(Excerpts from a dataset)

lemma monotone_op_resolvent_unique:
  assumes mono: "monotone_op A" and tau: "0 < \<tau>"
    and "u1 \<in> A x1" "u2 \<in> A x2" and eq: "x1 + \<tau> *\<^sub>R u1 = x2 + \<tau> *\<^sub>R u2"
  shows "x1 = x2"
proof -
  have "0 \<le> inner (u1 - u2) (x1 - x2)"
    using mono assms unfolding monotone_op_def by blast
  moreover have "x1 - x2 = - \<tau> *\<^sub>R (u1 - u2)"
    using eq by (simp add: algebra_simps)
  then have "inner (x1 - x2) (x1 - x2) = - \<tau> * inner (u1 - u2) (x1 - x2)"
    using arg_cong[where f="\<lambda>v. inner v (x1 - x2)"] by simp
  ultimately have "inner (x1 - x2) (x1 - x2) \<le> 0"
    using tau by (simp add: mult_nonneg_nonneg)
  then have "inner (x1 - x2) (x1 - x2) = 0"
    using inner_ge_zero[of "x1 - x2"] by linarith
  then show ?thesis by simp
qed

lemma resolvent_eqI:
  assumes "monotone_op A" "0 < \<tau>" "u \<in> A x"
  shows "resolvent \<tau> A (x + \<tau> *\<^sub>R u) = x"
  unfolding resolvent_def
proof (rule the_equality)
  show "x + \<tau> *\<^sub>R u \<in> (\<lambda>u. x + \<tau> *\<^sub>R u) ` A x"
    using assms by blast
  fix x' assume "x + \<tau> *\<^sub>R u \<in> (\<lambda>u. x' + \<tau> *\<^sub>R u) ` A x'"
  then obtain u' where "u' \<in> A x'" "x' + \<tau> *\<^sub>R u' = x + \<tau> *\<^sub>R u" by auto
  then show "x' = x"
    using monotone_op_resolvent_unique assms by blast
qed

lemma resolvent_decomposition:
  fixes A :: "'a::euclidean_space \<Rightarrow> 'a set"
  assumes mm: "maximal_monotone A" and tau: "0 < \<tau>"
  shows "\<exists>u\<in>A (resolvent \<tau> A t). t = resolvent \<tau> A t + \<tau> *\<^sub>R u"
proof -
  obtain x u where u: "u \<in> A x" and t: "t = x + \<tau> *\<^sub>R u"
    using minty_surjective[OF mm tau] by blast
  have "resolvent \<tau> A t = x"
    unfolding t using resolvent_eqI[OF maximal_monotone_imp_monotone_op[OF mm] tau u] .
  then show ?thesis
    using u t by blast
qed

lemma power2_norm_add:
  fixes x y :: "'a::real_inner"
  shows "(norm (x + y))\<^sup>2 = (norm x)\<^sup>2 + 2 * inner x y + (norm y)\<^sup>2"
  using dot_norm[of x y] by simp

lemma power2_norm_diff:
  fixes x y :: "'a::real_inner"
  shows "(norm (x - y))\<^sup>2 = (norm x)\<^sup>2 - 2 * inner x y + (norm y)\<^sup>2"
  using dot_norm_neg[of x y] by simp
(* Let $R$ be a Bézout domain and let $A,B,C\in R^{n\times n}$ satisfy $ABA=ACA$. If $AB$ and $CA$ are group invertible, then $(AB)^{\#}$ is similar to $(CA)^{\#}$.
   Context: A Bézout domain is an integral domain in which every finitely generated ideal is principal. A matrix $M\in R^{n\times n}$ is group invertible if there exists $X\in R^{n\times n}$ with $MX=XM$, $XMX=X$, $MXM=M$; such $X$ is unique and denoted $M^{\#}$ (the group inverse). Two matrices $M,N\in R^{n\times n}$ are similar if $M=S^{-1}NS$ for some invertible $S\in R^{n\times n}$. *)

theory Defs
  imports "Jordan_Normal_Form.Matrix"
begin

definition gen_ideal :: "'a::comm_ring_1 set \<Rightarrow> 'a set" where
  "gen_ideal S = {(\<Sum>x\<in>S. f x * x) | f. True}"

definition bezout_domain :: "'a::idom itself \<Rightarrow> bool" where
  "bezout_domain _ \<longleftrightarrow>
     (\<forall>S :: 'a set. finite S \<longrightarrow> (\<exists>d. gen_ideal S = {r * d | r. True}))"

definition is_group_inverse :: "'a::comm_ring_1 mat \<Rightarrow> 'a mat \<Rightarrow> bool" where
  "is_group_inverse M X \<longleftrightarrow>
     X \<in> carrier_mat (dim_row M) (dim_col M) \<and>
     M * X = X * M \<and> X * M * X = X \<and> M * X * M = M"

definition group_invertible :: "'a::comm_ring_1 mat \<Rightarrow> bool" where
  "group_invertible M \<longleftrightarrow> (\<exists>X. is_group_inverse M X)"

definition group_inv :: "'a::comm_ring_1 mat \<Rightarrow> 'a mat" where
  "group_inv M = (THE X. is_group_inverse M X)"

end

(*
  Put X = A B, Y = C A and H = Y#. From A B A = A C A one gets Cline's formula X# = A H H B, and
  U = A Y H, V = H B are mutually reflexive generalized inverses with V U = Y H and X# = U H V.
  So H lives in the corner of the idempotent f = V U, which is Murray-von Neumann equivalent to
  e = U V. Over a Bezout domain every idempotent matrix is equivalent to an identity matrix 1_k,
  since a nonzero idempotent always contains a rank-one idempotent below it; the size k is an
  invariant and is additive on complementary idempotents. Hence 1 - e and 1 - f are equivalent
  too, say via U' and V', and then S = U + U' is invertible with inverse V + V' and
  S H S^-1 = U H V = X#.
*)
theory Submission
  imports Defs "Jordan_Normal_Form.Determinant"
begin

lemma mult_mat_assoc:
  "dim_col A = dim_row B \<Longrightarrow> dim_col B = dim_row C \<Longrightarrow> A * B * C = A * (B * C :: 'a::semiring_0 mat)"
  by (rule assoc_mult_mat[of A "dim_row A" "dim_col A" B "dim_col B" C "dim_col C"]) auto

section \<open>Group inverses\<close>

lemma is_group_inverseD:
  assumes "M \<in> carrier_mat n n" and "is_group_inverse M X"
  shows "X \<in> carrier_mat n n" and "M * X = X * M" and "X * M * X = X" and "M * X * M = M"
  using assms unfolding is_group_inverse_def by auto

lemma is_group_inverse_absorb:
  assumes M: "M \<in> carrier_mat n n" and X: "is_group_inverse M X"
  shows "X * X * M = X" and "M * X * X = X" and "M * M * X = M" and "X * M * M = M"
proof -
  note g = is_group_inverseD[OF M X]
  have "X * X * M = X * M * X" and "M * X * X = X * M * X"
    using M g(1) by (simp_all add: mult_mat_assoc g(2))
  moreover have "M * M * X = M * X * M" and "X * M * M = M * X * M"
    using M g(1) by (simp_all add: mult_mat_assoc flip: g(2))
  ultimately show "X * X * M = X" and "M * X * X = X" and "M * M * X = M" and "X * M * M = M"
    using g(3,4) by simp_all
qed
lemma put_data_inv_start:
  assumes st: "step C B k \<delta> enc dec s (PutData c n t v) s'" and inv: "reach_inv C B s"
  shows "put_data_inv B c n t s'"
proof -
  note querying = step_PutData(1)[OF st] and phase = step_PutData(2)[OF st]
    and net = step_PutData(3)[OF st] and sigs = step_PutData(4)[OF st]
  have "msg_current B (cl s) msg" if "msg \<in> net s" for msg
    using inv that by (simp add: reach_inv_def)
  then have no_put: "(Client c, dst, PutReq n x) \<notin> net s"
    and no_ack: "j \<notin> B \<Longrightarrow> (Node j, Client c, Ack n) \<notin> net s" for dst x j
    using querying by (fastforce simp: less_eq_prod_def)+
  from phase have "n \<le> fst (cl s' c) \<and> (fst (cl s' c) = n \<longrightarrow> put_phase_inv B t s' (snd (cl s' c)))"
    by (elim disjE) (simp_all add: put_phase_inv_def)
  then show ?thesis
    using no_put no_ack
    by (auto simp: put_data_inv_def net sigs put_msgs_def put_sigs_def tag_of_def)
qed

lemma put_data_inv_step:
  assumes st: "step C B k \<delta> enc dec s l s'" and inv: "reach_inv C B s"
    and P: "put_data_inv B c n t s"
  shows "put_data_inv B c n t s'"
  using st
proof (cases rule: step.cases)
  case (node_put c0 j m x)
  have keep: "has_tag_ge (nodeList s' g) t" if "has_tag_ge (nodeList s g) t" for g
    using has_tag_ge_step[OF st inv that] .
  have stored: "has_tag_ge (nodeList s' j) t" if "c0 = c" "m = n"
  proof -
    have "x \<in> sigs s" "tag_of x = t" using P node_put that by (auto simp: put_data_inv_def)
    then show ?thesis
      using has_tag_ge_node_put[of "nodeList s j" t x "sigs s" \<delta>] inv node_put
      by (auto simp: reach_inv_def)
  qed
  have "put_phase_inv B t s' ph" if "put_phase_inv B t s ph" for ph
    using that keep by (auto simp: put_phase_inv_def split: phase.splits)
  then show ?thesis using P stored keep node_put by (auto simp: put_data_inv_def)
qed (use P in \<open>auto simp: put_data_inv_def put_phase_inv_def put_msgs_def put_sigs_def split: phase.splits\<close>)

lemma completed_put_data_quorum:
  assumes ex: "execution C B k \<delta> enc dec t0 v0 ss ls"
    and p: "p < length ls" "ls ! p = PutData c n t v"
    and i: "i < length ls" "ls ! i = Respond c n"
  obtains A where "A \<subseteq> C" "quorum_size (card C) k \<le> card A"
    "\<forall>g\<in>A - B. has_tag_ge (nodeList (ss ! i) g) t"
proof -
  have put: "step C B k \<delta> enc dec (ss ! p) (PutData c n t v) (ss ! Suc p)"
    using execution_step[OF ex p(1)] p(2) by simp
  have resp: "step C B k \<delta> enc dec (ss ! i) (Respond c n) (ss ! Suc i)"
    using execution_step[OF ex i(1)] i(2) by simp
  have "p < i"
  proof (rule ccontr)
    assume "\<not> p < i"
    with p(2) i(2) have "Suc i \<le> p" by (cases "p = i") auto
    then have "stage (cl (ss ! Suc i) c) \<le> stage (cl (ss ! p) c)"
      using execution_stage_mono[OF ex] p(1) by simp
    moreover have "stage (cl (ss ! Suc i) c) = (n, True)"
      using resp by (cases rule: step_RespondE) (auto simp: stage_def querying_def)
    moreover have "stage (cl (ss ! p) c) = (n, False)" using step_PutData(1)[OF put] .
    ultimately show False by simp
  qed
  have "put_data_inv B c n t (ss ! i)"
    using ex Suc_leI[OF \<open>p < i\<close>] less_imp_le[OF i(1)]
  proof (induction rule: execution_induct)
    case base
    show ?case using put_data_inv_start[OF put execution_reach_inv[OF ex]] p(1) by simp
  next
    case (step i)
    then show ?case using put_data_inv_step by blast
  qed
  moreover obtain A where A: "quorum_size (card C) k \<le> card A"
    "(\<exists>t'. cl (ss ! i) c = (n, WPut t' A)) \<or> (\<exists>t' v'. cl (ss ! i) c = (n, RPut t' v' A))"
    using resp by (cases rule: step_RespondE) auto
  moreover have "A \<subseteq> C"
    using A(2) execution_responders[OF ex, of i c] i(1) by auto
  ultimately show ?thesis using that by (auto simp: put_data_inv_def put_phase_inv_def)
qed

text \<open>Operation n of client c is a write, so its read phases are excluded.\<close>

definition get_tag_phase_inv :: "'n set \<Rightarrow> 'c tag \<Rightarrow> ('n,'c::linorder,'v,'e) gstate \<Rightarrow> ('n,'c,'v,'e) phase \<Rightarrow> bool" where
  "get_tag_phase_inv G t s ph \<longleftrightarrow> (case ph of
       WGetTag v R \<Rightarrow> (\<forall>j\<in>G. \<forall>x. R j = Some x \<longrightarrow> x \<in> sigs s \<and> t \<le> tag_of x)
     | RGetData R \<Rightarrow> False
     | RPut t' v A \<Rightarrow> False
     | _ \<Rightarrow> True)"

definition get_tag_inv :: "'n set \<Rightarrow> 'c \<Rightarrow> nat \<Rightarrow> 'c tag \<Rightarrow> ('n,'c::linorder,'v,'e) gstate \<Rightarrow> bool" where
  "get_tag_inv G c n t s \<longleftrightarrow> n \<le> fst (cl s c) \<and> (\<forall>j\<in>G. has_tag_ge (nodeList s j) t) \<and>
     (\<forall>j\<in>G. \<forall>x. (Node j, Client c, RTag n x) \<in> net s \<longrightarrow> x \<in> sigs s \<and> t \<le> tag_of x) \<and>
     (fst (cl s c) = n \<longrightarrow> get_tag_phase_inv G t s (snd (cl s c)))"

lemma get_tag_inv_start:
  assumes st: "step C B k \<delta> enc dec s (InvokeW c n v) s'" and inv: "reach_inv C B s"
    and G: "G \<inter> B = {}" and t: "\<forall>g\<in>G. has_tag_ge (nodeList s g) t"
  shows "get_tag_inv G c n t s'"
proof -
  from st obtain m where idle: "cl s c = (m, Idle)" and n: "n = Suc m"
    and s': "s' = s\<lparr>cl := (cl s)(c := (n, WGetTag v Map.empty)),
               net := net s \<union> {(Client c, Node j, QTag n) | j. j \<in> C}\<rparr>"
    by (cases rule: step_InvokeWE) auto
  have "msg_current B (cl s) msg" if "msg \<in> net s" for msg
    using inv that by (simp add: reach_inv_def)
  then have "(Node j, Client c, RTag n x) \<notin> net s" if "j \<in> G" for j x
    using that G idle n by (fastforce simp: stage_def less_eq_prod_def)
  then show ?thesis using t by (auto simp: get_tag_inv_def get_tag_phase_inv_def s')
qed

lemma get_tag_inv_step:
  assumes st: "step C B k \<delta> enc dec s l s'" and inv: "reach_inv C B s"
    and G: "G \<inter> B = {}" and P: "get_tag_inv G c n t s"
  shows "get_tag_inv G c n t s'"
  using st
proof (cases rule: step.cases)
  case (node_put c0 j m x)
  have "get_tag_phase_inv G t s' ph" if "get_tag_phase_inv G t s ph" for ph
    using that node_put by (auto simp: get_tag_phase_inv_def split: phase.splits)
  then show ?thesis using P has_tag_ge_step[OF st inv] node_put by (auto simp: get_tag_inv_def)
next
  case (node_qtag c0 j m x)
  have "x \<in> sigs s \<and> t \<le> tag_of x" if jG: "j \<in> G"
  proof -
    have "x \<in> sigs s" using inv node_qtag by (auto simp: reach_inv_def)
    moreover obtain y where "y \<in> nodeList s j" "t \<le> tag_of y"
      using P jG by (auto simp: get_tag_inv_def has_tag_ge_def)
    then have "t \<le> tag_of x" using node_qtag order_trans by blast
    ultimately show ?thesis ..
  qed
  moreover have "get_tag_phase_inv G t s' ph" if "get_tag_phase_inv G t s ph" for ph
    using that node_qtag by (auto simp: get_tag_phase_inv_def split: phase.splits)
  ultimately show ?thesis using P node_qtag by (auto simp: get_tag_inv_def)
qed (use P G in \<open>auto simp: get_tag_inv_def get_tag_phase_inv_def put_msgs_def put_sigs_def split: phase.splits\<close>)

lemma write_tag_exceeds_quorum:
  assumes ex: "execution C B k \<delta> enc dec t0 v0 ss ls"
    and j: "j < length ls" "ls ! j = InvokeW c n v"
    and q: "q < length ls" "ls ! q = PutData c n t' v'"
    and G: "G \<inter> B = {}" "\<forall>g\<in>G. has_tag_ge (nodeList (ss ! j) g) t"
  obtains D where "D \<subseteq> C" "quorum_size (card C) k \<le> card D" "D \<inter> G \<noteq> {} \<longrightarrow> t < t'"
proof -
  have invoke: "step C B k \<delta> enc dec (ss ! j) (InvokeW c n v) (ss ! Suc j)"
    using execution_step[OF ex j(1)] j(2) by simp
  have put: "step C B k \<delta> enc dec (ss ! q) (PutData c n t' v') (ss ! Suc q)"
    using execution_step[OF ex q(1)] q(2) by simp
  have "j < q"
  proof (rule ccontr)
    assume "\<not> j < q"
    then have "stage (cl (ss ! q) c) \<le> stage (cl (ss ! j) c)"
      using execution_stage_mono[OF ex] j(1) by simp
    moreover have "stage (cl (ss ! q) c) = (n, False)" using step_PutData(1)[OF put] .
    moreover obtain m where "n = Suc m" "stage (cl (ss ! j) c) = (m, True)"
      using invoke by (cases rule: step_InvokeWE) (auto simp: stage_def querying_def)
    ultimately show False by (simp add: less_eq_prod_def)
  qed
  have P: "get_tag_inv G c n t (ss ! q)"
    using ex Suc_leI[OF \<open>j < q\<close>] less_imp_le[OF q(1)]
  proof (induction rule: execution_induct)
    case base
    show ?case using get_tag_inv_start[OF invoke execution_reach_inv[OF ex] G] j(1) by simp
  next
    case (step i)
    then show ?case using get_tag_inv_step G(1) by blast
  qed
  from put show ?thesis
  proof (cases rule: step_PutData_cases)
    case (get_tag_done R t\<^sub>m)
    have "dom R \<subseteq> C"
      using get_tag_done execution_responders[OF ex, of q c] q(1) by simp
    moreover have "t < t'" if g: "g \<in> dom R \<inter> G" for g
    proof -
      obtain x where x: "R g = Some x" using g by blast
      then have "x \<in> sigs (ss ! q)" "t \<le> tag_of x"
        using P get_tag_done g by (auto simp: get_tag_inv_def get_tag_phase_inv_def)
      moreover have "x \<in> ran R" using x by (rule ranI)
      ultimately have "t \<le> t\<^sub>m" using get_tag_done order_trans by blast
      then show ?thesis using get_tag_done tag_less_next by blast
    qed
    ultimately show ?thesis using that get_tag_done by blast
  next
    case get_data_done
    then show ?thesis using P by (simp add: get_tag_inv_def get_tag_phase_inv_def)
  qed
qed

theorem mainTheorem6:
  fixes C B :: "'n set" and b k \<delta> :: nat
    and enc :: "'v \<Rightarrow> 'n \<Rightarrow> 'e" and dec :: "'e set \<Rightarrow> 'v"
    and t0 :: "'c::linorder tag" and v0 :: 'v
    and ss :: "('n,'c,'v,'e) gstate list" and ls :: "('c,'v) label list"
  assumes "finite C"
    and "mds_code C k enc dec"
    and "\<delta> \<ge> 1"
    and "B \<subseteq> C" and "card B \<le> b"
    and "real b < (real (card C) - real k) / 3"
    and "execution C B k \<delta> enc dec t0 v0 ss ls"
    \<comment> \<open>pi = operation number n_pi of client c_pi; omega = write number n_om of c_om\<close>
    and "i < j" and "j < length ls"
    and "ls ! i = Respond c\<^sub>\<pi> n\<^sub>\<pi>"
    and "ls ! j = InvokeW c\<^sub>\<omega> n\<^sub>\<omega> v"
    and "p < length ls" and "ls ! p = PutData c\<^sub>\<pi> n\<^sub>\<pi> t\<^sub>\<pi> v\<^sub>\<pi>"
    and "q < length ls" and "ls ! q = PutData c\<^sub>\<omega> n\<^sub>\<omega> t\<^sub>\<omega> v\<^sub>\<omega>"
  shows "t\<^sub>\<omega> > t\<^sub>\<pi>"
proof -
  note ex = assms(7)
  obtain A where A: "A \<subseteq> C" "quorum_size (card C) k \<le> card A"
    "\<forall>g\<in>A - B. has_tag_ge (nodeList (ss ! i) g) t\<^sub>\<pi>"
    using completed_put_data_quorum[OF ex assms(12,13) _ assms(10)] assms(8,9) by auto
  then have "\<forall>g\<in>A - B. has_tag_ge (nodeList (ss ! j) g) t\<^sub>\<pi>"
    using execution_has_tag_ge_mono[OF ex, of i j] assms(8,9) by simp
  then obtain D where D: "D \<subseteq> C" "quorum_size (card C) k \<le> card D"
    "D \<inter> (A - B) \<noteq> {} \<longrightarrow> t\<^sub>\<pi> < t\<^sub>\<omega>"
    using write_tag_exceeds_quorum[OF ex assms(9,11,14,15), of "A - B"] by blast
  have "real (card B) < (real (card C) - real k) / 3" using assms(5,6) by linarith
  then obtain g where "g \<in> A \<inter> D" "g \<notin> B"
    using quorums_share_honest[OF assms(1) A(1) D(1) assms(4) A(2) D(2)] by blast
  then show ?thesis using D(3) by blast
qed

YOUR INSTRUCTIONS:
Taking the entries above, write out exactly each line from the one holding "obtains D where" to the one holding "get_tag_done order_trans by blast", both included, and stop there.

RESPONSE TO THIS EXERCISE:
  obtains D where "D \<subseteq> C" "quorum_size (card C) k \<le> card D" "D \<inter> G \<noteq> {} \<longrightarrow> t < t'"
proof -
  have invoke: "step C B k \<delta> enc dec (ss ! j) (InvokeW c n v) (ss ! Suc j)"
    using execution_step[OF ex j(1)] j(2) by simp
  have put: "step C B k \<delta> enc dec (ss ! q) (PutData c n t' v') (ss ! Suc q)"
    using execution_step[OF ex q(1)] q(2) by simp
  have "j < q"
  proof (rule ccontr)
    assume "\<not> j < q"
    then have "stage (cl (ss ! q) c) \<le> stage (cl (ss ! j) c)"
      using execution_stage_mono[OF ex] j(1) by simp
    moreover have "stage (cl (ss ! q) c) = (n, False)" using step_PutData(1)[OF put] .
    moreover obtain m where "n = Suc m" "stage (cl (ss ! j) c) = (m, True)"
      using invoke by (cases rule: step_InvokeWE) (auto simp: stage_def querying_def)
    ultimately show False by (simp add: less_eq_prod_def)
  qed
  have P: "get_tag_inv G c n t (ss ! q)"
    using ex Suc_leI[OF \<open>j < q\<close>] less_imp_le[OF q(1)]
  proof (induction rule: execution_induct)
    case base
    show ?case using get_tag_inv_start[OF invoke execution_reach_inv[OF ex] G] j(1) by simp
  next
    case (step i)
    then show ?case using get_tag_inv_step G(1) by blast
  qed
  from put show ?thesis
  proof (cases rule: step_PutData_cases)
    case (get_tag_done R t\<^sub>m)
    have "dom R \<subseteq> C"
      using get_tag_done execution_responders[OF ex, of q c] q(1) by simp
    moreover have "t < t'" if g: "g \<in> dom R \<inter> G" for g
    proof -
      obtain x where x: "R g = Some x" using g by blast
      then have "x \<in> sigs (ss ! q)" "t \<le> tag_of x"
        using P get_tag_done g by (auto simp: get_tag_inv_def get_tag_phase_inv_def)
      moreover have "x \<in> ran R" using x by (rule ranI)
      ultimately have "t \<le> t\<^sub>m" using get_tag_done order_trans by blast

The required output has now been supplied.